◆ Task to complete ◆
Work through the entries below and show every line in which "sigma" is found.

◆ Source material ◆

------------------------------

lemma exists_valuation_algebraic: "\<exists>A v. valuation_on A v \<and> (\<forall>r. \<not> transcendental_mod A r)"
proof -
  have "val_graph D_plus_P ord_mod \<in> val_graphs"
    using valuation_on_D_plus_P unfolding val_graphs_def by blast
  then obtain M where "M \<in> val_graphs" and max: "\<And>X. X \<in> val_graphs \<Longrightarrow> M \<subseteq> X \<Longrightarrow> X = M"
  proof (rule Zorn_above[OF _ val_graphs_Union_chain])
    fix M assume "M \<in> val_graphs" "\<And>X. X \<in> val_graphs \<Longrightarrow> M \<subseteq> X \<Longrightarrow> X = M"
    then show thesis
      by (rule that)
  qed
  then obtain A v where Av: "valuation_on A v" "M = val_graph A v"
    unfolding val_graphs_def by blast
  interpret valuation D p P A v
    by unfold_locales (fact Av(1))
  have "\<not> transcendental_mod A r" for r
  proof
    assume "transcendental_mod A r"
    then interpret gauss_extension D p P A v r
      by unfold_locales
    have "val_graph (adjoin A r) ext_val \<in> val_graphs"
      using valuation_on_adjoin unfolding val_graphs_def by blast
    moreover have "M \<subseteq> val_graph (adjoin A r) ext_val"
      unfolding Av(2) val_graph_def
    proof (rule image_subsetI)
      fix a assume "a \<in> A"
      then show "(a, v a) \<in> (\<lambda>a. (a, ext_val a)) ` adjoin A r"
        using ext_val_restrict subset_adjoin[OF A_subring] by (intro image_eqI[of _ _ a]) auto
    qed
    ultimately have "val_graph (adjoin A r) ext_val = val_graph A v"
      using max Av(2) by blast
    from arg_cong[OF this, of "image fst"] have "adjoin A r = A"
      by (simp add: fst_val_graph)
    then show False
      using gen_in_adjoin[OF A_subring, of r] r_notin_A by simp
  qed
  then show ?thesis
    using Av(1) by blast
qed

end
(* Let $(\mathcal{P},+)$ be a reparametrization category, let $D_1,D_2$ be $\mathcal{P}$-spaces and $L\in\mathrm{Obj}(\mathcal{P})$. Then the mapping sending $(x,y)\in D_1(\ell_1)\times D_2(\ell_2)$ to the equivalence class of $(\mathrm{id}_L,x,y)$ yields a surjective continuous map \[\bigsqcup_{\substack{(\ell_1,\ell_2)\\ \ell_1+\ell_2=L}}D_1(\ell_1)\times D_2(\ell_2)\longrightarrow (D_1\otimes D_2)(L).\]
   Context: All enriched categories are enriched over the cartesian closed category $\mathbf{Top}$ of ($\Delta$-generated) topological spaces. A reparametrization category is a small enriched semimonoidal category $(\mathcal{P},\otimes)$ (hom-sets are spaces, composition and $\mathcal{P}(a,b)\times\mathcal{P}(c,d)\to\mathcal{P}(a\otimes c,b\otimes d)$ continuous) such that: (1) the semimonoidal structure is strict; (2) all spaces $\mathcal{P}(\ell,\ell')$ are contractible; (3) for every map $\phi:\ell\to\ell'$ and all objects $\ell'_1,\ell'_2$ with $\ell'_1\otimes\ell'_2=\ell'$, there exist maps $\phi_1:\ell_1\to\ell'_1$, $\phi_2:\ell_2\to\ell'_2$ with $\phi=\phi_1\otimes\phi_2$. One writes $\ell+\ell':=\ell\otimes\ell'$ on objects. A $\mathcal{P}$-space is an enriched functor $D:\mathcal{P}^{op}\to\mathbf{Top}$; for $\phi:\ell\to\ell'$ and $x\in D(\ell')$ write $x.\phi=D(\phi)(x)$. The tensor product of $\mathcal{P}$-spaces is $D_1\otimes D_2=\int^{(\ell_1,\ell_2)}\mathcal{P}(-,\ell_1+\ell_2)\times D_1(\ell_1)\times D_2(\ell_2)$; thus $(D_1\otimes D_2)(L)$ is a quotient of $\bigsqcup_{(\ell_1,\ell_2)}\mathcal{P}(L,\ell_1+\ell_2)\times D_1(\ell_1)\times D_2(\ell_2)$, its elements being equivalence classes of triples $(\psi,x,y)$. *)

theory Defs
  imports "HOL-Analysis.Analysis" "HOL-Homology.Simplices"
begin

definition simplex_top :: "nat \<Rightarrow> (nat \<Rightarrow> real) topology" where
  "simplex_top p = subtopology (powertop_real UNIV) (standard_simplex p)"

definition deltafy :: "'a topology \<Rightarrow> 'a topology" where
  "deltafy X = topology (\<lambda>U. U \<subseteq> topspace X \<and>
     (\<forall>p \<sigma>. continuous_map (simplex_top p) X \<sigma> \<longrightarrow>
        openin (simplex_top p) {t \<in> topspace (simplex_top p). \<sigma> t \<in> U}))"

------------------------------

◆ Expected output ◆
     (\<forall>p \<sigma>. continuous_map (simplex_top p) X \<sigma> \<longrightarrow>
        openin (simplex_top p) {t \<in> topspace (simplex_top p). \<sigma> t \<in> U}))"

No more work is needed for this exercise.